The two sides who fittingly took June’s final at to the wire, Northampton and Bath, will meet at The Rec on what will be a frenzied Friday night in front of a highly likely capacity crowd for whom revenge will be on the menu after the Saints held on to take their second Premiership crown.

A few hundred miles north, Newcastle will welcome Bristol as they strive for a first league victory in what will be 18 months. It was in March last year that they defeated Gloucester at Kingston Park and since then they have lost 21 matches on the bounce.

Falcons have finished bottom of the table for the last two seasons, pipped by Bath in the one before, but their top flight status was never threatened with relegation suspended and then made highly improbable when only Doncaster met the strict entry criteria.

The club that finishes last this season is more likely to face the drop with the criteria set to be relaxed, although instead of straight up and down there would be a play-off between bottom and top. All the Premiership was lacking last season was jeopardy.

“You need a fear factor and relegation puts a different slant on things,” said Newcastle’s director of Steve Diamond, right, who took over for the final six rounds of the Premiership last season. “Without the worry of going down you get dead rubber games.

Everyone will have something to play for and in the history of the Premiership, matches at the bottom of the table draw the same crowds as the ones at the top. If we find ourselves in the middle of a battle I know we will be well supported.”

Newcastle may have drawn a blank last season but they pushed Bath all the way at The Rec on the opening day before losing narrowly at home to Gloucester and Northampton. It does not need someone of Diamond’s experience to appreciate the need for a fast start and three of their first five matches are at home.

“We have not been clever for the last three or four years, bottom of the table for most of them,” said Diamond who has taken on the role of defence coach. “We have had to change quite a lot in terms of how we do things, such as preparation, eating and training. We have revamped everything.

“It was valuable to be here for three months last season and get to know everyone. The results were not pleasant but we drilled in a few basics and the lads came back this month fitter than they were this time last year. We are looking to deliver some results in the new season, building a resilience and mindset that will make us difficult to beat.”

Diamond has fortified his management team with the appointment on Friday of Alan Dickens, who spent four years in charge of U20s and was at Leicester last season, as senior coach. “Alan’s extensive experience in both playing and coaching in the Premiership will be invaluable as we strive to compete at the highest level,” he said. Newcastle can draw inspiration from Bath who in two seasons moved from the bottom of the table to being within a play of winning the Premiership final, although there is a spending gap between the sides that means the Falcons are unable to sign the equivalents of Finn Russell and Thomas du Toit.
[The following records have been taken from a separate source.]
lemma in_indicator_span_add:
  assumes "in_indicator_span \<C> D f" and "in_indicator_span \<C> D g"
  shows "in_indicator_span \<C> D (\<lambda>T. f T + g T)"
proof -
  obtain Sf cf where Sf: "finite Sf" "Sf \<subseteq> \<C>" and f: "\<forall>T\<in>D. f T = (\<Sum>S\<in>Sf. cf S * indicator S T)"
    using assms(1) unfolding in_indicator_span_def by blast
  obtain Sg cg where Sg: "finite Sg" "Sg \<subseteq> \<C>" and g: "\<forall>T\<in>D. g T = (\<Sum>S\<in>Sg. cg S * indicator S T)"
    using assms(2) unfolding in_indicator_span_def by blast
  define c where "c S = (if S \<in> Sf then cf S else 0) + (if S \<in> Sg then cg S else 0)" for S
  have "f T + g T = (\<Sum>S\<in>Sf \<union> Sg. c S * indicator S T)" if "T \<in> D" for T
  proof -
    have "(\<Sum>S\<in>Sf \<union> Sg. c S * indicator S T) =
        (\<Sum>S\<in>Sf \<union> Sg. if S \<in> Sf then cf S * indicator S T else 0) +
        (\<Sum>S\<in>Sf \<union> Sg. if S \<in> Sg then cg S * indicator S T else 0)"
      unfolding c_def sum.distrib[symmetric] by (rule sum.cong) (auto simp: distrib_right)
    also have "\<dots> = (\<Sum>S\<in>Sf. cf S * indicator S T) + (\<Sum>S\<in>Sg. cg S * indicator S T)"
      using Sf(1) Sg(1) by (simp add: sum.inter_restrict[symmetric] Int_absorb1 Int_absorb2)
    finally show ?thesis using f g that by simp
  qed
  then show ?thesis
    unfolding in_indicator_span_def using Sf Sg by (metis finite_UnI le_sup_iff)
qed

lemma in_indicator_span_sum:
  assumes "finite I" and "\<And>i. i \<in> I \<Longrightarrow> in_indicator_span \<C> D (f i)"
  shows "in_indicator_span \<C> D (\<lambda>T. \<Sum>i\<in>I. f i T)"
  using assms
  by (induction I rule: finite_induct) (simp_all add: in_indicator_span_zero in_indicator_span_add)

lemma in_indicator_span_blockwise:
  fixes cls :: "'a \<Rightarrow> 'a set"
  assumes "finite P" and "cls ` P \<subseteq> \<C>"
    and self: "\<And>T. T \<in> P \<Longrightarrow> T \<in> cls T"
    and closed: "\<And>T T'. T' \<in> P \<Longrightarrow> T \<in> D \<Longrightarrow> T \<in> cls T' \<Longrightarrow> T \<in> P \<and> cls T = cls T'"
    and const: "\<And>T T'. T' \<in> P \<Longrightarrow> T \<in> D \<Longrightarrow> T \<in> cls T' \<Longrightarrow> f T = f T'"
  shows "in_indicator_span \<C> D (\<lambda>T. if T \<in> P then f T else 0)"
proof -
  define c where "c S = f (SOME T'. T' \<in> P \<and> cls T' = S)" for S
  have "(if T \<in> P then f T else 0) = (\<Sum>S\<in>cls ` P. c S * indicator S T)" if "T \<in> D" for T
  proof (cases "T \<in> P")
    case True
    define R where "R = (SOME T'. T' \<in> P \<and> cls T' = cls T)"
    have R: "R \<in> P \<and> cls R = cls T"
      unfolding R_def using True by (metis (mono_tags, lifting) someI)
    then have "f T = f R" using const self[OF True] that by simp
    have "cls ` P \<inter> {S. T \<in> S} = {cls T}" using self closed True that by blast
    then have "(\<Sum>S\<in>cls ` P. c S * indicator S T) = c (cls T)"
      using assms(1) by (simp add: indicator_def sum.inter_filter[symmetric] if_distrib[of "\<lambda>x. _ * x"])
    then show ?thesis using True \<open>f T = f R\<close> by (simp add: c_def R_def)
  next
    case False
    then have "T \<notin> S" if "S \<in> cls ` P" for S using closed that \<open>T \<in> D\<close> by blast
    then show ?thesis using False by simp
  qed
  then show ?thesis unfolding in_indicator_span_def using assms(1,2) by blast
qed

lemma take_append_eq_take_Cons_nth:
  assumes "take i' cs @ x = take i cs @ j # w" and "i < i'" and "i' \<le> length cs"
  shows "j = cs ! i"
proof -
  have "(take i' cs @ x) ! i = cs ! i" using assms(2,3) by (simp add: nth_append)
  moreover have "(take i cs @ j # w) ! i = j" using assms(2,3) by (simp add: nth_append)
  ultimately show ?thesis using assms(1) by simp
qed

lemma slots_append_eq:
  assumes "s \<in> slots d u cs" and "s' \<in> slots d u cs" and "s @ w = s' @ w'"
  shows "s = s' \<and> w = w'"
proof -
  obtain i j where s: "s = u @ take i cs @ [j]" "i < length cs" "j \<noteq> cs ! i"
    using assms(1) by (auto simp: slots_def)
  obtain i' j' where s': "s' = u @ take i' cs @ [j']" "i' < length cs" "j' \<noteq> cs ! i'"
    using assms(2) by (auto simp: slots_def)
  have eq: "take i cs @ j # w = take i' cs @ j' # w'" using assms(3) s s' by simp
  have "i = i'"
  proof (rule ccontr)
    assume "i \<noteq> i'"
    then consider "i < i'" | "i' < i" by linarith
    then show False
    proof cases
      case 1
      then show False using take_append_eq_take_Cons_nth[OF eq[symmetric]] s s' by simp
    next
      case 2
      then show False using take_append_eq_take_Cons_nth[OF eq] s s' by simp
    qed
  qed
  then show ?thesis using eq s s' by simp
qed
Showtime: Northampton taking on B ath in the Premiership final

Money was not the issue when Bath were floundering at the wrong end of the table. If anything it was part of the problem and they recruited for the sake of it rather than identifying what, and more importantly who, they needed. That has changed in the two years Johann van Graan, left, has been in charge and their three new signings compare with 12 departures.

“The best is still to come,” said van Graan. “The players gave it everything in the final which came down to the last play after we went down to 14 men in the first half.
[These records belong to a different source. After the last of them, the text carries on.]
(* Let $(X,Y)$ be a splitting of a finite Weyl group $W$ with simple roots $\Delta$. Then: (1) $X$ has a unique maximal element $x_0$ under left weak order and $Y$ has a unique maximal element $y_0$ under right weak order, and $x_0y_0=w_0$. (2) For every $J\subseteq\Delta$, $(X\cap W_J,\,Y\cap W_J)$ is a splitting of $W_J$.
   Context: $W$ is the Weyl group of a finite crystallographic root system with simple roots $\Delta$, generated by simple reflections $s_\alpha$; $\ell$ is Coxeter length and $w_0$ is the longest element. Left weak order: $v\leq_L w$ iff $w=zv$ with $\ell(w)=\ell(z)+\ell(v)$; right weak order: $v\leq_R w$ iff $w=vz$ with $\ell(w)=\ell(v)+\ell(z)$. For $J\subseteq\Delta$, $W_J$ is the parabolic subgroup generated by $\{s_\alpha:\alpha\in J\}$, with the restricted length function. A pair $(X,Y)$ of subsets of a group $G$ (here $W$ or $W_J$) is a splitting of $G$ if the map $X\times Y\to G$, $(x,y)\mapsto xy$, is a bijection with $\ell(xy)=\ell(x)+\ell(y)$ for all $x\in X$, $y\in Y$. *)

theory Defs
  imports "HOL-Analysis.Analysis"
begin

definition refl_vec :: "'a::euclidean_space \<Rightarrow> 'a \<Rightarrow> 'a" where
  "refl_vec \<alpha> v = v - ((2 * (v \<bullet> \<alpha>)) / (\<alpha> \<bullet> \<alpha>)) *\<^sub>R \<alpha>"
“I will be reflecting on where the game is and where it is going because high performance is about being fluid and changing when you need to.

“There will be expectation and that is brilliant because we want to compete in every tournament we play in. We had a magnificent season despite its disappointing end but now it is back to zero and making sure we improve our game bit by bit.

“The Rec has become a fortress and we want to become even better there. We were consistent away from home and we got points in every Premiership match except one. It is important everyone enjoys the journey and we are now a club players want to join.”

Northampton know they will go from chaser to quarry and in a table where six points separated first from fifth, every point matters and seven of their players will make a late start to pre-season after touring with England.

“We start the season like everyone else with zero points,” said Northampton’s director of rugby, Phil Dowson, below. “People will be chasing us down and we’ve got to make sure that we’re pushing ourselves and are as desperate as ever to get better. We know there’s a target on our backs, but we have confidence in the elements the different coaches are coaching and how we go about our business.”

have for most of the last 14 years started a campaign as favourites, but they are getting used to life without Owen Farrell and the Vunipola brothers, key components in their success over the years, while wings Sean Maitland and Alex Lewington have retired.

Picking a winner has rarely been as challenging. Bristol were the form team in the second half of the campaign, reached the last four of the , ‘s young side confounded the pundits and rediscovered themselves after the break.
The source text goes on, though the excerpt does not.